Data extract
(* Let $\Delta$ be a local derivation of $\mathcal{S}$ with $\Delta(L_0)=\Delta(L_1)=0$. Then $\Delta(L_m)=0$ for all $m\in\mathbb{Z}$.
   Context: $\mathcal{S}$ is the centerless super Virasoro algebra: the Lie superalgebra over $\mathbb{C}$ with basis $\{L_m,G_n: m,n\in\mathbb{Z}\}$, $L_m$ even, $G_n$ odd, and brackets $[L_m,L_n]=(m-n)L_{m+n}$, $[L_m,G_r]=(\frac m2-r)G_{m+r}$, $[G_r,G_s]=2L_{r+s}$. A homogeneous linear map $D$ of parity $|D|$ is a derivation if $D([x,y])=[D(x),y]+(-1)^{|D||x|}[x,D(y)]$ for homogeneous $x,y$; derivations are sums of even and odd ones. A linear map $\Delta:\mathcal{S}\to\mathcal{S}$ is a local derivation if for every $x$ there is a derivation $D_x$ with $\Delta(x)=D_x(x)$. *)

theory Defs
  imports Complex_Main
begin

text \<open>Elements of the centerless super Virasoro algebra S are encoded as pairs
  (a, b) of finitely supported coefficient functions: the element
  sum_m a m L_m + sum_r b r G_r.\<close>

type_synonym sv = "(int \<Rightarrow> complex) \<times> (int \<Rightarrow> complex)"

definition fin_supp :: "(int \<Rightarrow> complex) \<Rightarrow> bool" where
  "fin_supp f \<longleftrightarrow> finite {n. f n \<noteq> 0}"

definition SV :: "sv set" where
  "SV = {x. fin_supp (fst x) \<and> fin_supp (snd x)}"

definition sv_zero :: sv where
  "sv_zero = (\<lambda>_. 0, \<lambda>_. 0)"

definition sv_add :: "sv \<Rightarrow> sv \<Rightarrow> sv" where
  "sv_add x y = (\<lambda>n. fst x n + fst y n, \<lambda>n. snd x n + snd y n)"

definition sv_smul :: "complex \<Rightarrow> sv \<Rightarrow> sv" where
  "sv_smul c x = (\<lambda>n. c * fst x n, \<lambda>n. c * snd x n)"

definition Lb :: "int \<Rightarrow> sv" where
  "Lb m = (\<lambda>n. if n = m then 1 else 0, \<lambda>_. 0)"

definition Gb :: "int \<Rightarrow> sv" where
  "Gb r = (\<lambda>_. 0, \<lambda>n. if n = r then 1 else 0)"

text \<open>The super bracket, the bilinear extension of
  [L_m,L_n]=(m-n)L_{m+n}, [L_m,G_r]=(m/2-r)G_{m+r}, [G_r,L_m]=-(m/2-r)G_{m+r},
  [G_r,G_s]=2L_{r+s}.\<close>
definition sv_br :: "sv \<Rightarrow> sv \<Rightarrow> sv" where
  "sv_br x y =
    (\<lambda>k. (\<Sum>m\<in>{m. fst x m \<noteq> 0}. of_int (m - (k - m)) * fst x m * fst y (k - m))
        + (\<Sum>r\<in>{r. snd x r \<noteq> 0}. 2 * snd x r * snd y (k - r)),
     \<lambda>k. (\<Sum>m\<in>{m. fst x m \<noteq> 0}. (of_int m / 2 - of_int (k - m)) * fst x m * snd y (k - m))
        - (\<Sum>m\<in>{m. fst y m \<noteq> 0}. (of_int m / 2 - of_int (k - m)) * fst y m * snd x (k - m)))"
(* Let $N\ge1$, $K>0$, $r_1,\dots,r_N$ real numbers and $(\mu_{ij})_{1\le i,j\le N}$ a real matrix with $r_i>0$ for all $i$, $(\mu_{ij})$ nonnegative, symmetric and irreducible, and $\sum_{j=1}^N\mu_{ij}\le r_i/2$ for all $i$. Let $\alpha\in C^1_{loc}(\mathbb{R}^N,\mathbb{R})$ satisfy: $\alpha(0)=0$, $\alpha$ is monotone increasing with respect to the componentwise order, there exist positive $R,k,c$ with $c(\sum_j v_j)^k\le\alpha(v)$ for all $v\in[0,\infty)^N$ with $\sum_j|v_j|\ge R$, and $\nabla\alpha(x)>0$ (componentwise) for all $x\in\mathbb{R}^N$. Let $\psi_1,\dots,\psi_N\in C^1_{loc}(\mathbb{R}^N,\mathbb{R})$ be uniformly bounded, and for $\epsilon\ge0$ set $\Psi_i(v)=\alpha(v)+\epsilon\psi_i(v)$. Assume that for each such $\epsilon$ under consideration the functions $\Psi_i$ are locally Lipschitz, satisfy $\Psi_i(0)=0$, are monotone increasing for the componentwise order, and for each $i$ there exist positive $R_i,k_i,c_i$ with $c_i(\sum_jv_j)^{k_i}\le\Psi_i(v)$ for all $v\in[0,\infty)^N$ with $\sum_j|v_j|\ge R_i$. Then there exists $\epsilon_0>0$ such that for all $0\le\epsilon\le\epsilon_0$, the positive stationary solution $\bar v_\epsilon$ of $$\frac{dv_i}{dt}=v_i\left[r_i-\frac{1}{K}\Psi_i(v)\right]+\sum_{j=1}^N\mu_{ij}(v_j-v_i),\qquad i=1,\dots,N,$$ attracts all trajectories initiated from any nonzero nonnegative initial datum: for every $v(0)\in[0,\infty)^N$, $v(0)\neq0$, the solution satisfies $v(t)\to\bar v_\epsilon$ as $t\to\infty$.
   Context: A stationary solution is a vector with all components strictly positive (positive) at which the right-hand side of the system vanishes for every $i$; its existence under these assumptions is part of the setting. *)

theory Defs
  imports "HOL-Analysis.Analysis"
begin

Activity
Of all the entries above, output exactly the lines between the one holding "fst y (k - m))" and the one holding "snd y (k - m))", inclusive.

Solution to the problem
    (\<lambda>k. (\<Sum>m\<in>{m. fst x m \<noteq> 0}. of_int (m - (k - m)) * fst x m * fst y (k - m))
        + (\<Sum>r\<in>{r. snd x r \<noteq> 0}. 2 * snd x r * snd y (k - r)),
     \<lambda>k. (\<Sum>m\<in>{m. fst x m \<noteq> 0}. (of_int m / 2 - of_int (k - m)) * fst x m * snd y (k - m))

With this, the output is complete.